The design of a consistent monitoring strategy is therefore crucial. The following are some of it main advantages:
- It improves knowledge of the most critical potential failure mechanism, which is the basis for a correct risk analysis.
- It helps detecting situations that are likely to trigger a failure of the dam (e.g.: water level exceeding a certain limit; acceleration of displacements, etc.), and applying corrective measures.
- It serves as a tool for designing the dam’s growth.
- It provides a sound basis for the establishment and implementation of the proper response in case of a failure involving human hazards.
In recent years, the installation of automated in-situ monitoring systems has increased. However, installing traditional wired systems or optic cable to obtain data from sensors permanently installed in the dams is often a challenge or economically non affordable. Some difficulties are the big extension of the tailings dams (which represents long distances of cables) the lack of power availability (massive solar installations are required) and the limited communication infrastructure (which means that data have to be collected in-situ).
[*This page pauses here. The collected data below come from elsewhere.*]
lemma hermitian_unitary_deflation:
  fixes A :: "complex mat"
  assumes A: "A \<in> carrier_mat (Suc k) (Suc k)" and herm: "mat_adjoint A = A"
    and U: "unitary_mat (Suc k) U" and eigen: "A *\<^sub>v col U 0 = e \<cdot>\<^sub>v col U 0"
  obtains A' where "A' \<in> carrier_mat k k" "mat_adjoint A' = A'"
    "mat_adjoint U * A * U = four_block_mat (mat 1 1 (\<lambda>_. e)) (0\<^sub>m 1 k) (0\<^sub>m k 1) A'"
proof -
  have Uc: "U \<in> carrier_mat (Suc k) (Suc k)" and UU: "mat_adjoint U * U = 1\<^sub>m (Suc k)"
    using U unfolding unitary_mat_def by auto
  define B where "B = mat_adjoint U * A * U"
  have B: "B \<in> carrier_mat (Suc k) (Suc k)"
    unfolding B_def using Uc A by (simp add: square_mat_simps[where n = "Suc k"])
  have "mat_adjoint B = mat_adjoint U * mat_adjoint (mat_adjoint U * A)"
    unfolding B_def by (rule mat_adjoint_mult[OF mult_carrier_mat[OF mat_adjoint_carrier_mat[OF Uc] A] Uc])
  also have "\<dots> = B"
    unfolding B_def mat_adjoint_mult[OF mat_adjoint_carrier_mat[OF Uc] A] herm mat_adjoint_mat_adjoint
    using Uc A by (simp add: square_mat_simps[where n = "Suc k"])
  finally have herm_B: "mat_adjoint B = B" .
  have "col B 0 = mat_adjoint U *\<^sub>v (A *\<^sub>v col U 0)"
    unfolding B_def using Uc A
    by (simp add: square_mat_simps[where n = "Suc k"] mult_mat_vec_def
        col_mult2[where nr = "Suc k" and n = "Suc k" and nc = "Suc k"])
  also have "\<dots> = e \<cdot>\<^sub>v (mat_adjoint U *\<^sub>v col U 0)"
    unfolding eigen using Uc by (intro mult_mat_vec) auto
  also have "mat_adjoint U *\<^sub>v col U 0 = unit_vec (Suc k) 0"
    using col_mult2[of "mat_adjoint U" "Suc k" "Suc k" U "Suc k" 0] Uc UU by simp
  finally have col0: "col B 0 = e \<cdot>\<^sub>v unit_vec (Suc k) 0" .
  have B_i0: "B $$ (i, 0) = (if i = 0 then e else 0)" if "i < Suc k" for i
    using arg_cong[OF col0, of "\<lambda>w. w $ i"] B that by auto
  have B_0j: "B $$ (0, Suc j) = 0" if "j < k" for j
    using B_i0[of "Suc j"] that B arg_cong[OF herm_B, of "\<lambda>M. M $$ (0, Suc j)"] by simp
  define A' where "A' = mat k k (\<lambda>(i, j). B $$ (Suc i, Suc j))"
  show thesis
  proof
    show "A' \<in> carrier_mat k k" unfolding A'_def by simp
    show "mat_adjoint A' = A'"
    proof (rule eq_matI)
      fix i j assume "i < dim_row A'" "j < dim_col A'"
      then have ij: "i < k" "j < k" by (auto simp: A'_def)
      then show "mat_adjoint A' $$ (i, j) = A' $$ (i, j)"
        using B arg_cong[OF herm_B, of "\<lambda>M. M $$ (Suc i, Suc j)"] by (simp add: A'_def)
    qed (simp_all add: A'_def)
    show "mat_adjoint U * A * U = four_block_mat (mat 1 1 (\<lambda>_. e)) (0\<^sub>m 1 k) (0\<^sub>m k 1) A'"
      unfolding B_def[symmetric]
    proof (rule eq_matI)
      fix i j assume "i < dim_row (four_block_mat (mat 1 1 (\<lambda>_. e)) (0\<^sub>m 1 k) (0\<^sub>m k 1) A')"
        "j < dim_col (four_block_mat (mat 1 1 (\<lambda>_. e)) (0\<^sub>m 1 k) (0\<^sub>m k 1) A')"
      then have ij: "i < Suc k" "j < Suc k" by (auto simp: A'_def)
      show "B $$ (i, j) = four_block_mat (mat 1 1 (\<lambda>_. e)) (0\<^sub>m 1 k) (0\<^sub>m k 1) A' $$ (i, j)"
        using ij B_i0 B_0j by (cases i; cases j) (auto simp: A'_def)
    qed (use B in \<open>auto simp: A'_def\<close>)
  qed
qed

theorem hermitian_unitary_diagonalization:
  fixes A :: "complex mat"
  assumes "A \<in> carrier_mat n n" and "mat_adjoint A = A"
  shows "\<exists>U D. unitary_mat n U \<and> D \<in> carrier_mat n n \<and> diagonal_mat D \<and> A = U * D * mat_adjoint U"
  using assms
proof (induction n arbitrary: A)
  case 0
  have "unitary_mat 0 (1\<^sub>m 0)" by (rule unitary_matI) auto
  moreover have "diagonal_mat A" "A = 1\<^sub>m 0 * A * mat_adjoint (1\<^sub>m 0)"
    using 0 by (auto simp: diagonal_mat_def)
  ultimately show ?case using 0 by blast
next
  case (Suc k A)
  obtain e v where v: "v \<in> carrier_vec (Suc k)" "vnorm v = 1" "A *\<^sub>v v = e \<cdot>\<^sub>v v"
    using unit_eigenvector_exists[OF Suc.prems(1)] by blast
  obtain U where U: "unitary_mat (Suc k) U" "col U 0 = v"
    using unitary_mat_with_first_col[OF v(1,2)] by blast
  obtain A' where A': "A' \<in> carrier_mat k k" "mat_adjoint A' = A'"
    and deflate: "mat_adjoint U * A * U = four_block_mat (mat 1 1 (\<lambda>_. e)) (0\<^sub>m 1 k) (0\<^sub>m k 1) A'"
    using hermitian_unitary_deflation[OF Suc.prems U(1)] U(2) v(3) by metis
  obtain V D' where V: "unitary_mat k V" "D' \<in> carrier_mat k k" "diagonal_mat D'"
    and A'_eq: "A' = V * D' * mat_adjoint V"
    using Suc.IH[OF A'] by blast
  have Vc: "V \<in> carrier_mat k k" using V(1) unfolding unitary_mat_def by simp
  define W where "W = four_block_mat (1\<^sub>m 1) (0\<^sub>m 1 k) (0\<^sub>m k 1) V"
  define D where "D = four_block_mat (mat 1 1 (\<lambda>_. e)) (0\<^sub>m 1 k) (0\<^sub>m k 1) D'"
  have W: "unitary_mat (Suc k) W" and Wc: "W \<in> carrier_mat (Suc k) (Suc k)"
    unfolding W_def using unitary_mat_four_block[OF V(1)] unitary_mat_def by auto
  have Uc: "U \<in> carrier_mat (Suc k) (Suc k)" using U(1) unfolding unitary_mat_def by simp
  have D: "D \<in> carrier_mat (Suc k) (Suc k)"
    unfolding D_def using four_block_carrier_mat[of "mat 1 1 (\<lambda>_. e)" 1 1 D' k k] V(2) by simp
  have "diagonal_mat D"
    using V(2,3) unfolding diagonal_mat_def D_def by auto
  have block: "four_block_mat (mat 1 1 (\<lambda>_. e)) (0\<^sub>m 1 k) (0\<^sub>m k 1) A' = W * D * mat_adjoint W"
    unfolding W_def D_def A'_eq by (rule four_block_conj_diag[OF mat_carrier Vc V(2), symmetric])
  have "A = U * (mat_adjoint U * A * U) * mat_adjoint U"
    using unitary_mat_conj_cancel[OF U(1) Suc.prems(1)] by simp
  also have "\<dots> = (U * W) * D * mat_adjoint (U * W)"
    unfolding deflate block using Uc Wc D
    by (simp add: mat_adjoint_mult[of _ "Suc k" "Suc k"] square_mat_simps[where n = "Suc k"])
  finally show ?case
    using unitary_mat_mult[OF U(1) W] D \<open>diagonal_mat D\<close> by blast
qed

section \<open>Singular values as column norms\<close>

lemma proots_linear_factors: "proots (\<Prod>a\<leftarrow>as. [:- a, 1:]) = mset (as :: 'a :: idom list)"
proof (induction as)
  case (Cons a as)
  have "(\<Prod>a\<leftarrow>as. [:- a, 1:]) \<noteq> 0" by (auto simp: prod_list_zero_iff)
  then have "proots ([:- a, 1:] * (\<Prod>a\<leftarrow>as. [:- a, 1:])) = {#a#} + mset as"
    by (subst proots_mult) (simp_all add: Cons.IH)
  then show ?case by simp
qed simp

lemma char_poly_unitary_diag:
  assumes U: "unitary_mat n U" and D: "D \<in> carrier_mat n n" "diagonal_mat D"
  shows "char_poly (U * D * mat_adjoint U) = (\<Prod>a\<leftarrow>diag_mat D. [:- a, 1:])"
proof -
  have "similar_mat (U * D * mat_adjoint U) D"
    unfolding similar_mat_def
    by (rule exI[of _ U], rule exI[of _ "mat_adjoint U"])
      (use U D in \<open>auto simp: similar_mat_wit_def unitary_mat_def Let_def\<close>)
  moreover have "upper_triangular D"
    using D unfolding diagonal_mat_def upper_triangular_def by auto
  ultimately show ?thesis
    using char_poly_similar char_poly_upper_triangular[OF D(1)] by metis
qed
LS-G6, the wireless low power monitoring solution from Worldsensing, consists of a data acquisition system which collects the data from the sensors and sends it wirelessly to the gateway (central station). At the same time the gateway uploads the data in the internet or in an intranet. The long range capabilities of the radio communications between the dataloggers (placed next to the sensors) and the gateway make this system a powerful solution for monitoring of spread areas, such as mines with many different sensors.
The long range communication between the gateway and the dataloggers allows for a distance of up to 15 km between the gateway and the dataloggers in an optimal situation (Line Of Sight). In the context of a mine, this means that, by placing the gateway in the mine’s central office, almost any point of the mine where a sensor is placed can be reached. In addition LS-G6 dataloggers use embedded batteries that make the system autonomous up to 10 years, which enhance maintenance cycles of the monitoring system.
The data collected are compared to previously defined thresholds in order to achieve an indicator of the dam stability. In this way, the network is also used as a low power warning system for the embankment stability.
Our LS-G6 monitoring system has been installed successfully on several mining sites to provide a real time control of the main mine’s tailings dam. In addition many other sensors have been integrated in further phases to control mine hydrogeology and stability of the open pit process area and access roads.
As a summary, Wireless Sensor Networks on mining sites are increasingly viewed as a reliable and robust solution. The advantages of the long range wireless are without question: efficiency, safety, robustness, flexibility, easy to upscale the network, easy-to-use and cost effective (compared to cable or manual collection).
LS-G6 offers a robust system that, thanks to the alarms defined over the sensors data, becomes a very efficient preventive tool; warnings can be issued to stakeholders or workers in the mine increasing the security of the whole process and the people involved.